CCS projects require substantial investment, with opportunities in various industries and a potential for significant growth.
Deep dives
The Importance of Carbon Capture and Sequestration in Energy Transition
Carbon capture and sequestration (CCS) is highlighted as a crucial element in the energy transition, as discussed in the podcast. With the revamped 45Q guidance, companies like Cone Resnick Capital have shown a keen interest in CCS due to its role in decarbonization. Legislative changes, including increased tax credit values, have significantly improved the economic viability of CCS projects and aligned with sustainability goals, setting the stage for substantial growth in the industry.
Opportunities and Markets for Carbon Capture
CCS opportunities primarily lie in the power sector, focusing on lower-cost facilities with pure CO2, such as ethanol plants.

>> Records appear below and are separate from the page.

(* (a) Let $p,q>0$ and $a_k=e^{pk^q}$, $k\ge1$; then $\lim_{N\to\infty}E[U_j^N]=I(\alpha;j)<\infty$ for all $j\ge2$. (b) The same holds for $a_k=k!$, $k\ge1$. (c) For $p>0$ and the decaying sequence $b_k=e^{-pk}$, $k\ge1$, the limit $\lim_{N\to\infty}E[U_j^N]$ exists and is finite for all $j\ge2$, and equals $I(\alpha;j)$ with $\alpha=\{e^{pk}\}_{k\ge1}$.
   Context: For a positive sequence $\{c_k\}$ and $N\ge2$, coupon type $k\in\{1,\dots,N\}$ has probability $c_k/\sum_{i=1}^Nc_i$; $U_j^N$ is the number of empty album places of the $j$-th collector when the first collector completes her set (each collector passes duplicates to the next one), with $$E[U_j^N]=\sum_{k=1}^N\int_0^\infty c_k e^{-c_k t}\frac{(c_kt)^{j-1}}{(j-1)!}\prod_{i\ne k,\,1\le i\le N}\big(1-e^{-c_i t}\big)\,dt.$$ For a positive sequence $\alpha=\{a_k\}$: $x_\alpha:=\inf\{x\in[0,1]:\sum_k x^{a_k}=\infty\}$, $L(x;\alpha;j):=\sum_{k}a_k^j\frac{x^{a_k}}{1-x^{a_k}}$, $F(x;\alpha):=\prod_{k}(1-x^{a_k})$, $I(\alpha;j):=\frac{1}{(j-1)!}\int_0^{x_\alpha}L(x;\alpha;j)F(x;\alpha)|\ln x|^{j-1}\frac{dx}{x}$. *)

theory Defs
  imports "HOL-Analysis.Analysis"
begin

text \<open>Sequences are functions nat => real; only the values at k >= 1 are used.\<close>

text \<open>Expected number of empty places E[U_j^N] of the j-th collector, for coupon weights c_1..c_N.\<close>
definition EU :: "(nat \<Rightarrow> real) \<Rightarrow> nat \<Rightarrow> nat \<Rightarrow> real" where
  "EU c N j = (\<Sum>k\<in>{1..N}. (LINT t:{0..}|lborel.
      c k * exp (- c k * t) * (c k * t) ^ (j - 1) / fact (j - 1) *
      (\<Prod>i\<in>{1..N} - {k}. 1 - exp (- c i * t))))"

definition x_alpha :: "(nat \<Rightarrow> real) \<Rightarrow> real" where
  "x_alpha a = Inf {x \<in> {0..1}. \<not> summable (\<lambda>k. x powr a (Suc k))}"

definition L_fun :: "real \<Rightarrow> (nat \<Rightarrow> real) \<Rightarrow> nat \<Rightarrow> real" where
  "L_fun x a j = (\<Sum>k. a (Suc k) ^ j * x powr a (Suc k) / (1 - x powr a (Suc k)))"

definition F_fun :: "real \<Rightarrow> (nat \<Rightarrow> real) \<Rightarrow> real" where
  "F_fun x a = prodinf (\<lambda>k. 1 - x powr a (Suc k))"

definition I_integrand :: "(nat \<Rightarrow> real) \<Rightarrow> nat \<Rightarrow> real \<Rightarrow> real" where
  "I_integrand a j x = L_fun x a j * F_fun x a * \<bar>ln x\<bar> ^ (j - 1) / x"

definition I_fun :: "(nat \<Rightarrow> real) \<Rightarrow> nat \<Rightarrow> real" where
  "I_fun a j = (1 / fact (j - 1)) * (LINT x:{0<..<x_alpha a}|lborel. I_integrand a j x)"

text \<open>I(alpha;j) is finite: the (nonnegative) integrand is Lebesgue integrable on (0, x_alpha).\<close>
definition I_finite :: "(nat \<Rightarrow> real) \<Rightarrow> nat \<Rightarrow> bool" where
  "I_finite a j = set_integrable lborel {0<..<x_alpha a} (I_integrand a j)"

end

theory Submission
  imports Defs "HOL-Probability.Distributions" "HOL-Real_Asymp.Real_Asymp"
begin

text \<open>
  E[U_j^N] is the integral over t \<ge> 0 of
  f_N(t) = \<Sum>_k erl_{j-1,c_k}(t) \<Prod>_{i\<noteq>k} (1 - exp(-c_i t)),
  with erl the Erlang density (of shape j and rate c_k), and the substitution x = exp(-t) turns f_N into the N-th
  truncation of the integrand of I(\<alpha>;j). Pointwise convergence is therefore clear and the
  point is domination. Dropping the factors with i > k gives the N-independent bound
  \<Sum>_k erl_{j-1,c_k}(t) \<Prod>_{i<k} (1 - exp(-c_i t)); with 1 - exp(-c_i t) \<le> c_i t the
  (m+1)-st term has integral at most c_1\<cdots>c_m (j-1+m)! / ((j-1)! c_{m+1}^m), and the ratio of
  consecutive bounds is (j+m) (c_{m+1}/c_{m+2})^{m+1}. So dominated convergence applies whenever
  \<Sum> 1/c_k < \<infinity> and (j+k) (c_k/c_{k+1})^k \<rightarrow> 0, which holds for exp(p k^q) and k!;
  the first condition also forces x_\<alpha> = 1.

  For the decaying weights exp(-pk) one uses that E[U_j^N] is invariant under scaling all
  weights and under reversing their order, which turns them into exp(pk).
\<close>

lemma power_div_fact_le_exp:
  fixes x :: real assumes "0 \<le> x" shows "x ^ n / fact n \<le> exp x"
proof -
  have "(\<Sum>i\<in>{n}. x ^ i /\<^sub>R fact i) \<le> (\<Sum>i. x ^ i /\<^sub>R fact i)"
    by (rule sum_le_suminf[OF summable_exp_generic]) (use assms in auto)
  thus ?thesis by (simp add: exp_def divide_inverse mult.commute)
qed

lemma power_mult_exp_neg_le:
  fixes c t :: real assumes c: "0 < c" and t: "0 < t"
  shows "c ^ m * exp (- c * t) \<le> fact (Suc m) / t ^ Suc m * (1 / c)"
proof -
  have "(c * t) ^ Suc m \<le> fact (Suc m) * exp (c * t)"
    using power_div_fact_le_exp[of "c * t" "Suc m"] c t by (simp add: divide_le_eq mult.commute)
  hence "c ^ Suc m * t ^ Suc m * exp (- c * t) \<le> fact (Suc m) * exp (c * t) * exp (- c * t)"
    by (intro mult_right_mono) (simp_all add: power_mult_distrib mult_ac)
  also have "\<dots> = fact (Suc m)" by (simp add: exp_minus field_simps)
  finally show ?thesis using c t by (simp add: field_simps)
qed

lemma summable_power_mult_exp_neg:
  fixes c :: "nat \<Rightarrow> real"
  assumes pos: "\<And>k. 0 < c k" and summable: "summable (\<lambda>k. 1 / c k)" and t: "0 < t"
  shows "summable (\<lambda>k. c k ^ m * exp (- c k * t))"
proof (rule summable_comparison_test')
  show "summable (\<lambda>k. fact (Suc m) / t ^ Suc m * (1 / c k))"
    by (intro summable_mult summable)
  show "norm (c k ^ m * exp (- c k * t)) \<le> fact (Suc m) / t ^ Suc m * (1 / c k)" for k
    using power_mult_exp_neg_le[OF pos t, of k m] pos[of k] by simp
qed

lemma one_minus_exp_neg_le: "0 \<le> u \<Longrightarrow> 1 - exp (- u) \<le> (u::real)"
  using exp_ge_add_one_self[of "- u"] by simp

lemma inverse_one_minus_exp_neg_le: "0 < u \<Longrightarrow> 1 / (1 - exp (- u)) \<le> (1 + u) / (u::real)"
proof -
  assume u: "0 < u"
  have "u / (1 + u) \<le> 1 - exp (- u)"
    using exp_ge_add_one_self[of u] u by (simp add: exp_minus field_simps)
  thus ?thesis using u by (simp add: field_simps)
qed

section \<open>The substitution x = exp(-t)\<close>

lemma set_integrable_lborel_iff_lebesgue:
  fixes f :: "real \<Rightarrow> real"
  assumes "(\<lambda>x. indicator S x * f x) \<in> borel_measurable lborel"
  shows "set_integrable lborel S f \<longleftrightarrow> f absolutely_integrable_on S"
    and "(LINT x:S|lborel. f x) = (LINT x:S|lebesgue. f x)"
  using integrable_completion[OF assms] integral_completion[OF assms]
  by (simp_all add: set_integrable_def set_lebesgue_integral_def)

lemma exp_neg_image_greaterThan_0: "(\<lambda>t. exp (- t)) ` {0<..} = {0<..<1::real}"
proof (intro equalityI subsetI)
  fix x :: real assume "x \<in> {0<..<1}"
  hence "x = exp (- (- ln x))" and "- ln x \<in> {0<..}" by auto
  thus "x \<in> (\<lambda>t. exp (- t)) ` {0<..}" by blast
qed auto

lemma
  fixes f :: "real \<Rightarrow> real"
  assumes f_measurable: "(\<lambda>x. indicator {0<..<1} x * f x) \<in> borel_measurable lborel"
    and integrable: "set_integrable lborel {0<..} (\<lambda>t. exp (- t) * f (exp (- t)))"
  shows set_integrable_exp_neg_subst: "set_integrable lborel {0<..<1} f"
    and set_integral_exp_neg_subst:
      "(LINT x:{0<..<1}|lborel. f x) = (LINT t:{0<..}|lborel. exp (- t) * f (exp (- t)))"
proof -
  let ?F = "\<lambda>t. \<bar>- exp (- t)\<bar> * f (exp (- t))"
  define b where "b = (LINT t:{0<..}|lborel. exp (- t) * f (exp (- t)))"
  have F_measurable: "(\<lambda>t. indicator {0<..} t * ?F t) \<in> borel_measurable lborel"
    using borel_measurable_integrable[OF integrable[unfolded set_integrable_def]] by simp
  have F_abs: "?F absolutely_integrable_on {0<..}"
    using integrable set_integrable_lborel_iff_lebesgue(1)[OF F_measurable] by simp
  have "integral {0<..} ?F = b"
    using set_lebesgue_integral_eq_integral(2)[OF F_abs] set_integrable_lborel_iff_lebesgue(2)[OF F_measurable]
    by (simp add: b_def)
  moreover have "?F absolutely_integrable_on {0<..} \<and> integral {0<..} ?F = b
      \<longleftrightarrow> f absolutely_integrable_on {0<..<1} \<and> integral {0<..<1} f = b"
    unfolding exp_neg_image_greaterThan_0[symmetric]
    by (rule has_absolute_integral_change_of_variables_1') (auto intro!: derivative_eq_intros simp: inj_on_def)
  ultimately have f_abs: "f absolutely_integrable_on {0<..<1}" and "integral {0<..<1} f = b"
    using F_abs by simp_all
  thus "set_integrable lborel {0<..<1} f" and "(LINT x:{0<..<1}|lborel. f x) = b"
    using set_integrable_lborel_iff_lebesgue[OF f_measurable] set_lebesgue_integral_eq_integral(2)[OF f_abs]
    by simp_all
qed

section \<open>The density of E[U_j^N] and its limit\<close>

definition EU_density :: "(nat \<Rightarrow> real) \<Rightarrow> nat \<Rightarrow> nat \<Rightarrow> real \<Rightarrow> real" where
  "EU_density c j N t = indicator {0..} t *
     (\<Sum>k\<in>{1..N}. erlang_density (j - 1) (c k) t * (\<Prod>i\<in>{1..N} - {k}. 1 - exp (- c i * t)))"

definition partial_I_integrand :: "(nat \<Rightarrow> real) \<Rightarrow> nat \<Rightarrow> nat \<Rightarrow> real \<Rightarrow> real" where
  "partial_I_integrand c j N x =
     (\<Sum>k<N. c (Suc k) ^ j * x powr c (Suc k) / (1 - x powr c (Suc k))) *
     (\<Prod>k<N. 1 - x powr c (Suc k)) * \<bar>ln x\<bar> ^ (j - 1) / x"

definition EU_limit_density :: "(nat \<Rightarrow> real) \<Rightarrow> nat \<Rightarrow> real \<Rightarrow> real" where
  "EU_limit_density c j t = indicator {0<..} t * (I_integrand c j (exp (- t)) * exp (- t) / fact (j - 1))"

lemma EU_density_measurable [measurable]: "EU_density c j N \<in> borel_measurable borel"
  unfolding EU_density_def by measurable

lemma partial_I_integrand_measurable [measurable]: "partial_I_integrand c j N \<in> borel_measurable borel"
  unfolding partial_I_integrand_def by measurable

locale coupon_weights =
  fixes c :: "nat \<Rightarrow> real" and j :: nat
  assumes weights_pos: "\<And>k. 0 < c k" and two_le_j: "2 \<le> j"
begin

lemma erlang_density_eq:
  assumes "0 \<le> t"
  shows "erlang_density (j - 1) l t = l ^ j * t ^ (j - 1) * exp (- l * t) / fact (j - 1)"
proof -
  have "Suc (j - 1) = j" using two_le_j by simp
  thus ?thesis using assms by (simp add: erlang_density_def)
qed

lemma erlang_density_at_0: "erlang_density (j - 1) l 0 = 0"
  using erlang_density_eq[of 0 l] two_le_j by simp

Various industries, including natural gas, coal, biomass facilities, and hydrogen, present avenues for CCS. Globally, there are currently around 20 to 25 operating facilities, with projections indicating the potential for multi-hundred to thousands of viable projects. The investment required for CCS projects ranges from $500 million to $1.5 billion, showcasing the scale and impact of these initiatives.
Challenges and Future Outlook for Carbon Capture Projects
The main challenges facing CCS projects are their capital-intensive nature and longer construction and development timelines due to EPA requirements and monitoring obligations. Despite proven technology, there is a need for substantial upfront investment and ongoing monitoring costs. The recent legislative changes and IRS guidance have propelled momentum in the CCS industry, paving the way for future growth. The long-term success of CCS projects hinges on continued policy support, financial incentives, and market scalability, with the potential for direct pay options and enhanced tax credits on the horizon.
Nick Knapp, senior managing director, and Mike Yurkerwich, director with CohnReznick Capital, join us to talk about what sponsors need to know to finance carbon capture and sequestration (CCS) projects. We discuss what CCS is and why it is an important component of the energy transition, what the current market for CCS is in the US, the market drivers spurring growth, capital requirements for CCS projects, key financing considerations, what financing structures are most likely to increase comfort for financing CCS projects and more.